Table 1 The comparison of the effectiveness of channel attention and spatial attention in different tasks

Attention mechanism

In many state-of-the-art works [17, 18], attention mechanisms are applied to capture long-range dependencies in different dimensions. For example, ANNet [19] captures global dependencies between all pixels in the spatial dimension using two self-attentions. SENet [20] uses channel attention to assign different weights to different channel maps. And yet, ANNet fails to capture inter-channel correlations, while SENet overlooks long-distance dependencies among spatial pixels. In order to overcome the shortcomings of these methods, some work connects spatial attention and channel attention in tandem or in parallel to capture rich contexts.
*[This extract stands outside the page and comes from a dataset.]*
(* Assume (A1)–(A4) and $\eta_x,\eta_z>0$ (see context). Then the iterates of the Jacobi scheme satisfy, for all $k\ge1$, $$\Phi^{k-1}\ge\Phi^k\ge\hat\Phi.$$
   Context: Let $T\ge1$, $[T]=\{1,\dots,T\}$; for $t\in[T]$: $X_t\subseteq\mathbb{R}^{n_t}$, $f_t:\mathbb{R}^{n_t}\to\mathbb{R}$, $A_t\in\mathbb{R}^{m\times n_t}$; $b\in\mathbb{R}^m$; $X=\prod_tX_t$, $A=[A_1\cdots A_T]$, $Ax=\sum_tA_tx_t$, $A_{\neq t}x_{\neq t}=\sum_{s\neq t}A_sx_s$; $\|w\|_M=\sqrt{w^\top Mw}$. Assumptions: (A1) $X_t$ nonempty compact; (A2) $f_t$ is $C^2$; (A3) $A$ full row rank; (A4) $\{x\in X:Ax=b\}\neq\emptyset$. Parameters $\rho,\theta,\tau_x,\tau_z>0$ with $\eta_x:=\frac{\tau_x}{4}-\frac{(T-1)\rho}{2}>0$, $\eta_z:=\frac{\tau_z}{4}-\frac{2(\theta+\tau_z)^2}{\rho}>0$. $\mathcal{L}(x,z,\lambda)=\sum_tf_t(x_t)+\frac{\theta}{2}\|z\|^2+\lambda^\top(Ax+z-b)+\frac{\rho}{2}\|Ax+z-b\|^2$. Jacobi scheme: given $x^0\in X$, $z^0,\lambda^0\in\mathbb{R}^m$, for $k\ge1$: (i) for each $t$, $x_t^k$ is a local minimizer, computed by a solver warm-started at $x_t^{k-1}$ (so that its subproblem objective does not exceed that of $x_t^{k-1}$), of $\min_{x_t\in X_t}f_t(x_t)+(\lambda^{k-1})^\top A_tx_t+\frac{\rho}{2}\|A_tx_t+A_{\neq t}x^{k-1}_{\neq t}+z^{k-1}-b\|^2+\frac{\tau_x}{2}\|x_t-x_t^{k-1}\|^2_{A_t^\top A_t}$; (ii) $z^k=(\tau_zz^{k-1}-\rho(Ax^k-b)-\lambda^{k-1})/(\tau_z+\rho+\theta)$; (iii) $\lambda^k=\lambda^{k-1}+\rho(Ax^k+z^k-b)$. $\Phi(x,z,\lambda,\hat x,\hat z)=\mathcal{L}(x,z,\lambda)+\frac{\tau_z}{4}\|z-\hat z\|^2+\sum_t\frac{\tau_x}{4}\|x_t-\hat x_t\|^2_{A_t^\top A_t}$; $\Phi^k=\Phi(x^k,z^k,\lambda^k,x^{k-1},z^{k-1})$ for $k\ge1$; $\Delta z^0=-\tau_z^{-1}(\lambda^0+\theta z^0)$, $\Phi^0=\mathcal{L}(x^0,z^0,\lambda^0)+\frac{\tau_z}{4}\|\Delta z^0\|^2$; $\hat\Phi=\min_{x\in X}\sum_tf_t(x_t)$. *)

theory Defs
  imports "HOL-Analysis.Analysis"
begin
For example, DANet [13] uses spatial attention and channel attention in parallel. CBAM [14] first uses channel attention to extract channel features, and then uses spatial attention to extract important location information. In these works, channel attention and spatial attention are combined in different ways. Please refer to Table 1 for details. However, the utilization of attention mechanisms, specifically spatial attention and channel attention, introduces a notable increase in computational complexity. To address this issue, a novel approach called Nested Attention is proposed in this study.

Context

Context is critical for dense prediction tasks. Many works [21, 22] have been devoted to capturing rich contexts to study semantic segmentation tasks. Some state-of-the-art methods capture multi-scale contexts to improve semantic segmentation performance. For example, PSPNet [12] uses different scales of pooling to obtain different sizes of receptive fields and extract features at different scales. Deeplabv2 [11] varies the size of the receptive field with different dilated rates to extract multi-scale contexts. There are also methods that introduce attention mechanisms to capture the global contexts. For example, DANet [13] captures the global contexts of spaces and channels. Unlike these approaches, OCR [15] aggregates same-category features to form object regions that capture the contexts within the object. Inspired by OCR [15], after utilizing pyramid pooling to capture multi-scale context information, our method also aggregates features from the same category to capture precise intra-category contexts.

Method

This section first describes the overall architecture of Nested Attention Network (NANet), and then introduces the Category Context Ensemble (CCE) module and the Nested Attention (NA) module, respectively.

Overview

We propose a NANet that captures rich contexts to address the problem of unclear object edge demarcation and pixel misclassification in semantic segmentation. NANet uses HRNet-W48 as a convolutional backbone network to down-sample the input image to one-fourth of its original size, fully preserving the spatial detail information of the feature map. Then, As shown in Fig. 2, the output feature maps of the convolutional backbone network first go through the CCE module to compute the intra-class contexts, and then go through the NA module to categorize the spatial pixel features and capture the channel connections of the intra-class contexts, and enhance the spatial long-range dependencies with the captured channel relationships.

Fig. 2
figure 2

The diagram of the overall architecture of NANet

Category context ensemble module

The feature \(X\in {\mathbb {R}}^{C^{\prime } \times H\times W}\) extracted by the convolutional backbone network is fed to the pixel representation and category representation branches, respectively. Here, \(C^{\prime },\) H and W denote channel, height and width. We employ point convolution module (PC) independently in the pixel representation and category representation branches to adjust the number of channels for the feature X. This process, which considers reducing the computational effort while taking into account the segmentation performance, can be formulated as,

$$\begin{aligned} f_{pix}= & {} {{\textbf {PC}}}_{pix} \left( X \right) , \nonumber \\ f_{cate}= & {} {{\textbf {PC}}}_{cate} \left( X \right) , \end{aligned}$$
(1)

where pixel feature representation \(f_{pix}\in {\mathbb {R}}^{C \times H\times W}\) is for capturing intra-class context and category feature representation \(f_{cate} \in {\mathbb {R}}^{N \times H\times W}\) is for modeling spatial context. C denotes the number of channels after \({{\textbf {PC}}}_{pix},\) while N is the number of categories contained in the dataset. In addition, the point convolution module consists of a convolution layer with kernel size of \(1 \times 1,\) a batch normalization layer, and a ReLU activation layer.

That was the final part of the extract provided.